Segment Start: INFORMATION GIVEN

lemma past_outer_subset_cofuture:
  "time_box L \<Longrightarrow> past L \<union> outer L \<subseteq> - future (L::'s::order set)"
  unfolding time_box_def past_def future_def outer_def by (auto simp: order.order_iff_strict)

lemma self_subset_cofuture: "L \<subseteq> - future (L::'s::order set)"
  unfolding future_def by auto

lemma kernel_measure:
  assumes k: "proper_oriented_kernel M L \<gamma>" and \<omega>: "\<omega> \<in> Omega M"
  shows "prob_space (kernel_measure M L \<gamma> \<omega>)"
    and "sets (kernel_measure M L \<gamma> \<omega>) = sets (coord_sigma M (- future L))"
    and "space (kernel_measure M L \<gamma> \<omega>) = Omega M"
    and "\<And>A. A \<in> sets (coord_sigma M (- future L)) \<Longrightarrow> measure (kernel_measure M L \<gamma> \<omega>) A = \<gamma> A \<omega>"
proof -
  obtain P where P: "prob_space P" "space P = Omega M" "sets P = sets (coord_sigma M (- future L))"
    "\<And>A. A \<in> sets P \<Longrightarrow> measure P A = \<gamma> A \<omega>"
    using assms unfolding proper_oriented_kernel_def by blast
  have "kernel_measure M L \<gamma> \<omega> = measure_of (space P) (sets P) (emeasure P)"
    unfolding kernel_measure_def P(2) P(3)[symmetric]
  proof (rule measure_of_eq)
    show "sets P \<subseteq> Pow (Omega M)" using sets.sets_into_space P(2) by blast
    fix A assume "A \<in> sigma_sets (Omega M) (sets P)"
    then have "A \<in> sets P" using sets.sigma_sets_eq P(2) by metis
    then show "ennreal (\<gamma> A \<omega>) = emeasure P A"
      using P by (simp add: finite_measure.emeasure_eq_measure prob_space.finite_measure)
  qed
  then have "kernel_measure M L \<gamma> \<omega> = P" by (simp add: measure_of_of_measure)
  then show "prob_space (kernel_measure M L \<gamma> \<omega>)"
    "sets (kernel_measure M L \<gamma> \<omega>) = sets (coord_sigma M (- future L))"
    "space (kernel_measure M L \<gamma> \<omega>) = Omega M"
    "\<And>A. A \<in> sets (coord_sigma M (- future L)) \<Longrightarrow> measure (kernel_measure M L \<gamma> \<omega>) A = \<gamma> A \<omega>"
    using P by auto
qed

Segment End: INFORMATION GIVEN

WHAT TO PRODUCE: A precise copy of all the records is needed.

ANSWER AREA:
lemma past_outer_subset_cofuture:
  "time_box L \<Longrightarrow> past L \<union> outer L \<subseteq> - future (L::'s::order set)"
  unfolding time_box_def past_def future_def outer_def by (auto simp: order.order_iff_strict)

lemma self_subset_cofuture: "L \<subseteq> - future (L::'s::order set)"
  unfolding future_def by auto

lemma kernel_measure:
  assumes k: "proper_oriented_kernel M L \<gamma>" and \<omega>: "\<omega> \<in> Omega M"
  shows "prob_space (kernel_measure M L \<gamma> \<omega>)"
    and "sets (kernel_measure M L \<gamma> \<omega>) = sets (coord_sigma M (- future L))"
    and "space (kernel_measure M L \<gamma> \<omega>) = Omega M"
    and "\<And>A. A \<in> sets (coord_sigma M (- future L)) \<Longrightarrow> measure (kernel_measure M L \<gamma> \<omega>) A = \<gamma> A \<omega>"
proof -
  obtain P where P: "prob_space P" "space P = Omega M" "sets P = sets (coord_sigma M (- future L))"
    "\<And>A. A \<in> sets P \<Longrightarrow> measure P A = \<gamma> A \<omega>"
    using assms unfolding proper_oriented_kernel_def by blast
  have "kernel_measure M L \<gamma> \<omega> = measure_of (space P) (sets P) (emeasure P)"
    unfolding kernel_measure_def P(2) P(3)[symmetric]
  proof (rule measure_of_eq)
    show "sets P \<subseteq> Pow (Omega M)" using sets.sets_into_space P(2) by blast
    fix A assume "A \<in> sigma_sets (Omega M) (sets P)"
    then have "A \<in> sets P" using sets.sigma_sets_eq P(2) by metis
    then show "ennreal (\<gamma> A \<omega>) = emeasure P A"
      using P by (simp add: finite_measure.emeasure_eq_measure prob_space.finite_measure)
  qed
  then have "kernel_measure M L \<gamma> \<omega> = P" by (simp add: measure_of_of_measure)
  then show "prob_space (kernel_measure M L \<gamma> \<omega>)"
    "sets (kernel_measure M L \<gamma> \<omega>) = sets (coord_sigma M (- future L))"
    "space (kernel_measure M L \<gamma> \<omega>) = Omega M"
    "\<And>A. A \<in> sets (coord_sigma M (- future L)) \<Longrightarrow> measure (kernel_measure M L \<gamma> \<omega>) A = \<gamma> A \<omega>"
    using P by auto
qed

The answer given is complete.